À travers ses projets pluriels en musique (Pete Moss, Magnum Daisy, Noir Silence) et sa vie de famille bien remplie (il a trois enfants), il a engrangé du matériel, il a laissé mûrir les textes. Lorsqu’il s’est lancé dans l’enregistrement de Ménestrel, galette autoproduite de douze titres, il savait que c’était le bon moment.

« Lorsque tu fais des projets en groupe, tu les portes en groupe ensuite. C’est différent lorsque tu propulses un disque en tant qu’auteur-compositeur-interprète. Tu es seul à défendre tes propos. Il faut que tu te sentes solide, que tu assumes tout », exprime celui qui est revenu vivre dans la région magogoise il y a un an.

Pour enregistrer ses neuves chansons, il n’a reçu aucune subvention. Pas grave. Il était riche de la présence des copains musiciens. L’album est né dans le plaisir de la musique. Dubé a opté pour un son clair. Sans flafla, sans synthé. Des guitares franches, un clavier, une basse, des percussions. Parfois une mandoline, du dobro, un banjo.

Jeff Dubé voulait un son vrai pour cet album qui « représente la paix d’esprit ».

« Parce que j’ai fait le disque que j’ai toujours souhaité entendre. Il a cette teinte musicale un peu à la John Mellencamp, à la Bruce Springsteen. Il a ma couleur. »  

Le tour des chaumières

Une couleur qui s’exprime déjà dans le titre choisi, Ménestrel, comme un clin d’œil à cette tournée de spectacles à échelle humaine que l’auteur-compositeur-interprète a menée pendant deux ans, alors qu’il se produisait dans les maisons privées. Une façon de réinventer un peu le métier.

« J’ai repensé à ce qui se faisait au Moyen Âge, aux ménestrels qui faisaient le tour des chaumières et offraient du divertissement en échange d’un repas et d’un endroit où dormir. J’ai trouvé que ça avait une certaine parenté avec la vie de tournée, pendant laquelle on se promène et on partage notre musique. D’où l’idée d’aller faire de la musique autrement, chez les gens. »  

L’exercice a été révélateur.

« Ça m’a permis de me "reconnecter" avec mon public. De recentrer ma façon de travailler, en misant sur le noyau de spectateurs qui m’est fidèle depuis mes débuts dans le métier. C’est pour eux que je fais des chansons. »

Ceux-là savent que l’auteur-compositeur-interprète n’a pas peur de ses opinions.

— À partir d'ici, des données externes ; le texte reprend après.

(* Let ${\cal X}$ be a real Hilbert space, $0\le\tau_{\min}\le\tau_{\max}\le\infty$ and $\mathrm{proj}(t):=\min\{\max\{t,\tau_{\min}\},\tau_{\max}\}$ for $t\in\mathbb{R}$. Let $s,z\in{\cal X}$ with $s\ne0$, set $\rho:=z^Ts$, $$\lambda:=\frac{\|s\|^2+\|z\|^2-\sqrt{(\|s\|^2-\|z\|^2)^2+4\rho^2}}{2},$$ and $$\tau^s:=\mathrm{proj}\Big(\frac{\rho}{\|s\|^2}\Big),\quad\tau^g:=\mathrm{proj}\Big(\frac{\|z\|}{\|s\|}\Big),\quad\tau^z:=\mathrm{proj}\Big(\frac{\|z\|^2}{\rho}\Big),\quad\tau^u:=\mathrm{proj}\Big(\frac{\|z\|^2-\lambda}{\rho}\Big),$$ where $\tau^z$ and $\tau^u$ are defined only if $\rho\ne0$. If $\rho>0$, then $0\le\tau^s\le\tau^u\le\tau^z$ and $0\le\tau^s\le\tau^g\le\tau^z$. If $\rho\le0$, then $0\le\tau_{\min}=\tau^s\le\tau^g$.
   Context: ${\cal X}$ is a real Hilbert space with inner product written $z^Ts$ and induced norm $\|\cdot\|$. *)

theory Defs
  imports "HOL-Analysis.Analysis" "HOL-Library.Extended_Real"
begin

text \<open>Projection onto [tau_min, tau_max]; tau_max may be infinite, hence an ereal.\<close>
definition proj :: "real \<Rightarrow> ereal \<Rightarrow> real \<Rightarrow> ereal" where
  "proj tmin tmax t = min (max (ereal t) (ereal tmin)) tmax"

end

theory Submission
  imports Defs
begin

text \<open>With \<open>a = \<parallel>s\<parallel>\<^sup>2\<close>, \<open>b = \<parallel>z\<parallel>\<^sup>2\<close> and \<open>r = \<rho>\<close>, \<open>lam\<close> is the smaller eigenvalue of the
  Gram matrix \<open>[[a, r], [r, b]]\<close>, and Cauchy-Schwarz gives \<open>r\<^sup>2 \<le> a b\<close>. Hence \<open>0 \<le> lam \<le> b - r\<^sup>2/a\<close>,
  which after division by \<open>r > 0\<close> places \<open>(b - lam)/r\<close> between \<open>r/a\<close> and \<open>b/r\<close>; likewise
  \<open>r \<le> \<parallel>s\<parallel> \<parallel>z\<parallel>\<close> places \<open>\<parallel>z\<parallel>/\<parallel>s\<parallel>\<close> between them. Since \<open>proj\<close> is monotone, the ordering
  survives the projection. If \<open>r \<le> 0\<close>, then \<open>r/a \<le> 0 \<le> tmin\<close> is projected to \<open>tmin\<close>.\<close>

lemma proj_mono: "x \<le> y \<Longrightarrow> proj tmin tmax x \<le> proj tmin tmax y"
  unfolding proj_def by (intro min.mono max.mono) auto

lemma proj_ge_tmin: "ereal tmin \<le> tmax \<Longrightarrow> ereal tmin \<le> proj tmin tmax x"
  unfolding proj_def by auto

lemma proj_eq_tmin: "x \<le> tmin \<Longrightarrow> ereal tmin \<le> tmax \<Longrightarrow> proj tmin tmax x = ereal tmin"
  unfolding proj_def by (auto simp: max_def min_def)

lemma small_eigenvalue_nonneg:
  fixes a b r :: real
  assumes "0 \<le> a" "0 \<le> b" "r\<^sup>2 \<le> a * b"
  shows "0 \<le> (a + b - sqrt ((a - b)\<^sup>2 + 4 * r\<^sup>2)) / 2"
proof -
  have "(a - b)\<^sup>2 + 4 * r\<^sup>2 \<le> (a + b)\<^sup>2"
    using assms(3) by (simp add: power2_eq_square algebra_simps)
  then have "sqrt ((a - b)\<^sup>2 + 4 * r\<^sup>2) \<le> a + b"
    using assms(1,2) by (intro real_le_lsqrt) auto
  then show ?thesis by simp
qed

lemma small_eigenvalue_le:
  fixes a b r :: real
  assumes a: "0 < a" and rab: "r\<^sup>2 \<le> a * b"
  shows "(a + b - sqrt ((a - b)\<^sup>2 + 4 * r\<^sup>2)) / 2 \<le> b - r\<^sup>2 / a"
proof -
  define q where "q = r\<^sup>2 / a"
  have aq: "a * q = r\<^sup>2" and "0 \<le> q" and "q \<le> b"
    using a rab by (simp_all add: q_def pos_divide_le_eq mult.commute)
  then have "q * (a - b + q) \<le> q * a"
    by (intro mult_left_mono) auto
  then have "(a - b + 2 * q)\<^sup>2 \<le> (a - b)\<^sup>2 + 4 * r\<^sup>2"
    using aq by (simp add: power2_eq_square algebra_simps)
  then have "a - b + 2 * q \<le> sqrt ((a - b)\<^sup>2 + 4 * r\<^sup>2)"
    by (rule real_le_rsqrt)
  then show ?thesis by (simp add: q_def)
qed

lemma small_eigenvalue_quotient_chain:
  fixes a b r :: real
  assumes a: "0 < a" and r: "0 < r" and rab: "r\<^sup>2 \<le> a * b"
  defines "lam \<equiv> (a + b - sqrt ((a - b)\<^sup>2 + 4 * r\<^sup>2)) / 2"
  shows "r / a \<le> (b - lam) / r" and "(b - lam) / r \<le> b / r"
proof -
  have "0 \<le> a * b"
    using rab zero_le_power2[of r] by linarith
  then have "0 \<le> b"
    using a by (simp add: zero_le_mult_iff)
  then have "0 \<le> lam"
    unfolding lam_def using a rab by (intro small_eigenvalue_nonneg) auto
  then show "(b - lam) / r \<le> b / r"
    using r by (simp add: divide_right_mono)
  have "r\<^sup>2 / a \<le> b - lam"
    unfolding lam_def using small_eigenvalue_le[OF a rab] by linarith
  then have "r / a * r \<le> b - lam"
    by (simp add: power2_eq_square)
  then show "r / a \<le> (b - lam) / r"
    using r by (simp add: pos_le_divide_eq)
qed

lemma quotient_chain_if_le_mult:
  fixes a b r :: real
  assumes a: "0 < a" and b: "0 \<le> b" and r: "0 < r" and rab: "r \<le> a * b"
  shows "r / a\<^sup>2 \<le> b / a" and "b / a \<le> b\<^sup>2 / r"
proof -
  have "r / a \<le> b"
    using a rab by (simp add: pos_divide_le_eq mult.commute)
  then show "r / a\<^sup>2 \<le> b / a"
    using a by (simp add: power2_eq_square divide_right_mono flip: divide_divide_eq_left)
  have "b * r \<le> b\<^sup>2 * a"
    using mult_left_mono[OF rab b] by (simp add: power2_eq_square algebra_simps)
  then show "b / a \<le> b\<^sup>2 / r"
    using a r by (simp add: pos_divide_le_eq pos_le_divide_eq)
qed

theorem lemma3p2:
  fixes s z :: "'a::{real_inner, complete_space}"
    and tmin :: real and tmax :: ereal
  assumes "0 \<le> tmin" and "ereal tmin \<le> tmax" and "s \<noteq> 0"
  defines "\<rho> \<equiv> z \<bullet> s"
  defines "lam \<equiv> ((norm s)\<^sup>2 + (norm z)\<^sup>2
                 - sqrt (((norm s)\<^sup>2 - (norm z)\<^sup>2)\<^sup>2 + 4 * \<rho>\<^sup>2)) / 2"
  defines "\<tau>s \<equiv> proj tmin tmax (\<rho> / (norm s)\<^sup>2)"
  defines "\<tau>g \<equiv> proj tmin tmax (norm z / norm s)"
  defines "\<tau>z \<equiv> proj tmin tmax ((norm z)\<^sup>2 / \<rho>)"
  defines "\<tau>u \<equiv> proj tmin tmax (((norm z)\<^sup>2 - lam) / \<rho>)"
  shows "(\<rho> > 0 \<longrightarrow> 0 \<le> \<tau>s \<and> \<tau>s \<le> \<tau>u \<and> \<tau>u \<le> \<tau>z
                    \<and> \<tau>s \<le> \<tau>g \<and> \<tau>g \<le> \<tau>z)
       \<and> (\<rho> \<le> 0 \<longrightarrow> 0 \<le> ereal tmin \<and> ereal tmin = \<tau>s \<and> \<tau>s \<le> \<tau>g)"
proof -
  have s: "0 < norm s"
    using assms(3) by simp
  have cauchy_schwarz: "\<rho> \<le> norm s * norm z"
    unfolding \<rho>_def using norm_cauchy_schwarz[of z s] by (simp add: mult.commute)
  have "0 \<le> ereal tmin"
    using assms(1) by simp
  also have "\<dots> \<le> \<tau>s"
    unfolding \<tau>s_def by (rule proj_ge_tmin[OF assms(2)])
  finally have "0 \<le> \<tau>s" .
  moreover have "\<tau>s \<le> \<tau>u \<and> \<tau>u \<le> \<tau>z \<and> \<tau>s \<le> \<tau>g \<and> \<tau>g \<le> \<tau>z" if r: "0 < \<rho>"
  proof -
    have "\<rho>\<^sup>2 \<le> (norm s * norm z)\<^sup>2"
      using cauchy_schwarz r by (intro power_mono) auto
    then have "\<rho>\<^sup>2 \<le> (norm s)\<^sup>2 * (norm z)\<^sup>2"
      by (simp only: power_mult_distrib)
    moreover have "0 < (norm s)\<^sup>2"
      using s by simp
    ultimately have eig: "\<rho> / (norm s)\<^sup>2 \<le> ((norm z)\<^sup>2 - lam) / \<rho>"
      "((norm z)\<^sup>2 - lam) / \<rho> \<le> (norm z)\<^sup>2 / \<rho>"
      unfolding lam_def using small_eigenvalue_quotient_chain r by blast+
    note quot = quotient_chain_if_le_mult[OF s norm_ge_zero r cauchy_schwarz]
    show ?thesis
      unfolding \<tau>s_def \<tau>u_def \<tau>z_def \<tau>g_def by (intro conjI proj_mono eig quot)
  qed
  moreover have "ereal tmin = \<tau>s \<and> \<tau>s \<le> \<tau>g" if "\<rho> \<le> 0"
  proof -
    have "\<rho> / (norm s)\<^sup>2 \<le> 0" and "0 \<le> norm z / norm s"
      using \<open>\<rho> \<le> 0\<close> s by (simp_all add: divide_nonpos_pos)
    then have "\<rho> / (norm s)\<^sup>2 \<le> tmin" and le_g: "\<rho> / (norm s)\<^sup>2 \<le> norm z / norm s"
      using assms(1) by linarith+
    then have "ereal tmin = \<tau>s"
      unfolding \<tau>s_def using assms(2) by (simp add: proj_eq_tmin)
    moreover have "\<tau>s \<le> \<tau>g"
      unfolding \<tau>s_def \<tau>g_def using le_g by (rule proj_mono)
    ultimately show ?thesis ..
  qed
  ultimately show ?thesis
    using \<open>0 \<le> ereal tmin\<close> by blast
qed

end
lemma tr_mult_sum_monomials_eq_0_iff:
  fixes c :: "'b \<Rightarrow> 'a" and e :: "'b \<Rightarrow> nat"
  assumes "finite K" and "inj_on e K" and "\<forall>k\<in>K. e k < card (UNIV :: 'a set)"
  shows "(\<forall>\<alpha> \<beta>. tr q m (\<alpha> * (\<Sum>k\<in>K. c k * \<beta> ^ e k)) = 0) \<longleftrightarrow> (\<forall>k\<in>K. c k = 0)"
proof
  assume "\<forall>\<alpha> \<beta>. tr q m (\<alpha> * (\<Sum>k\<in>K. c k * \<beta> ^ e k)) = 0"
  then have "\<forall>\<beta>. (\<Sum>k\<in>K. c k * \<beta> ^ e k) = 0"
    using tr_nondegenerate by blast
  then show "\<forall>k\<in>K. c k = 0"
    by (rule sum_monomials_eq_0_imp_coeffs_eq_0[OF assms])
qed (simp add: tr_zero)

lemma herm_l_tr_coords:
  fixes x y :: "'a list" and \<beta> :: "nat \<Rightarrow> 'a"
  assumes "length x = length y"
  shows "herm_l (p ^ l) (tr_coords q m \<beta> x) (tr_coords q m \<beta> y) =
    tr q m (\<Sum>k<m. herm_l (p ^ l * q ^ k) x y * (\<Sum>j<m. \<beta> j ^ (1 + p ^ l * q ^ k)))"
proof -
  let ?n = "length x" and ?e = "\<lambda>k. p ^ l * q ^ k"
  have "herm_l (p ^ l) (tr_coords q m \<beta> x) (tr_coords q m \<beta> y)
      = (\<Sum>j<m. \<Sum>i<?n. tr q m (\<beta> j * x ! i) * tr q m (\<beta> j * y ! i) ^ p ^ l)"
    using assms
    by (simp add: tr_coords_def herm_l_concat herm_l_eq_sum_nth interv_sum_list_conv_sum_set_nat
        atLeast0LessThan)
  also have "\<dots> = (\<Sum>j<m. \<Sum>i<?n. tr q m (tr q m (\<beta> j * y ! i) ^ p ^ l * (\<beta> j * x ! i)))"
    by (intro sum.cong refl, subst tr_mult_left_subGF[OF tr_power_in_subGF]) (simp add: mult.commute)
  also have "\<dots> = tr q m (\<Sum>j<m. \<Sum>i<?n. tr q m (\<beta> j * y ! i) ^ p ^ l * (\<beta> j * x ! i))"
    by (simp add: tr_sum)
  also have "(\<Sum>j<m. \<Sum>i<?n. tr q m (\<beta> j * y ! i) ^ p ^ l * (\<beta> j * x ! i))
      = (\<Sum>j<m. \<Sum>i<?n. \<Sum>k<m. x ! i * y ! i ^ ?e k * \<beta> j ^ (1 + ?e k))"
    by (simp add: tr_power_p_power sum_distrib_left power_mult_distrib power_add mult_ac)
  also have "\<dots> = (\<Sum>k<m. \<Sum>i<?n. \<Sum>j<m. x ! i * y ! i ^ ?e k * \<beta> j ^ (1 + ?e k))"
    by (subst sum.swap, subst (1 2) sum.swap) (rule refl)
  also have "\<dots> = (\<Sum>k<m. herm_l (?e k) x y * (\<Sum>j<m. \<beta> j ^ (1 + ?e k)))"
    using assms by (simp add: herm_l_eq_sum_nth sum_product)
  finally show ?thesis .
qed

lemma self_orthogonal_tr_coords_iff:
  fixes C :: "'a list set" and \<beta> :: "nat \<Rightarrow> 'a"
  assumes "scalable C" and "C \<subseteq> {x. length x = n}" and "l < r"
  shows "self_orthogonal (herm_l (p ^ l)) (tr_coords q m \<beta> ` C) \<longleftrightarrow>
    (\<forall>x\<in>C. \<forall>y\<in>C. \<forall>k<m. herm_l (p ^ l * q ^ k) x y * (\<Sum>j<m. \<beta> j ^ (1 + p ^ l * q ^ k)) = 0)"
proof -
  have length_C: "length x = n" if "x \<in> C" for x
    using assms(2) that by auto
  define c where "c x y k = herm_l (p ^ l * q ^ k) x y * (\<Sum>j<m. \<beta> j ^ (1 + p ^ l * q ^ k))" for x y k
  have scaled: "herm_l (p ^ l) (tr_coords q m \<beta> (map ((*) \<alpha>) x)) (tr_coords q m \<beta> (map ((*) \<alpha>') y))
      = tr q m (\<alpha> * (\<Sum>k<m. c x y k * \<alpha>' ^ (p ^ l * q ^ k)))" if "length x = length y" for x y \<alpha> \<alpha>'
  proof -
    have "herm_l (p ^ l) (tr_coords q m \<beta> (map ((*) \<alpha>) x)) (tr_coords q m \<beta> (map ((*) \<alpha>') y))
        = tr q m (\<Sum>k<m. herm_l (p ^ l * q ^ k) (map ((*) \<alpha>) x) (map ((*) \<alpha>') y)
            * (\<Sum>j<m. \<beta> j ^ (1 + p ^ l * q ^ k)))"
      by (rule herm_l_tr_coords) (simp add: that)
    also have "\<dots> = tr q m (\<Sum>k<m. \<alpha> * (c x y k * \<alpha>' ^ (p ^ l * q ^ k)))"
      by (simp only: herm_l_scale c_def mult_ac)
    also have "\<dots> = tr q m (\<alpha> * (\<Sum>k<m. c x y k * \<alpha>' ^ (p ^ l * q ^ k)))"
      by (simp only: sum_distrib_left)
    finally show ?thesis .
  qed
  have "self_orthogonal (herm_l (p ^ l)) (tr_coords q m \<beta> ` C) \<longleftrightarrow>
      (\<forall>x\<in>C. \<forall>y\<in>C. \<forall>\<alpha> \<alpha>'. tr q m (\<alpha> * (\<Sum>k<m. c x y k * \<alpha>' ^ (p ^ l * q ^ k))) = 0)"
    using assms(1) by (simp add: self_orthogonal_image_iff_scaled scaled length_C)
  also have "\<dots> \<longleftrightarrow> (\<forall>x\<in>C. \<forall>y\<in>C. \<forall>k\<in>{..<m}. c x y k = 0)"
    using assms(3)
    by (simp add: tr_mult_sum_monomials_eq_0_iff inj_on_p_power_q_power p_power_q_power_less_card)
  finally show ?thesis
    by (simp add: c_def Ball_def)
qed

« Je prends position, je suis engagé, je me mets parfois le pied dans la bouche, c’est vrai, mais je suis en phase avec mes valeurs », explique celui qui a souvent vilipendé, sur les réseaux sociaux, les concours de chant télévisés tels que Star Académie et La voix.

« Ce sont des émissions qui ont leur place. Le problème, c’est qu’elles prennent toute la place. Avec pour résultat que la culture musicale du Québec tourne autour d’un concours de karaoké qui met souvent l’accent sur des chansons anglophones. »

Réinventer le système

Jeff Dubé soupire, s’en indigne, mais il ne baisse pas les bras.  

« L’industrie musicale traverse une crise. C’est vrai. Mais on parle de l’industrie, pas de la musique. Moi, autour, je vois un paquet d’artistes talentueux qui ont le goût de continuer. Je pense qu’il faut juste trouver des façons de réinventer le système. Prendre d’autres chemins pour aller à la rencontre du public. »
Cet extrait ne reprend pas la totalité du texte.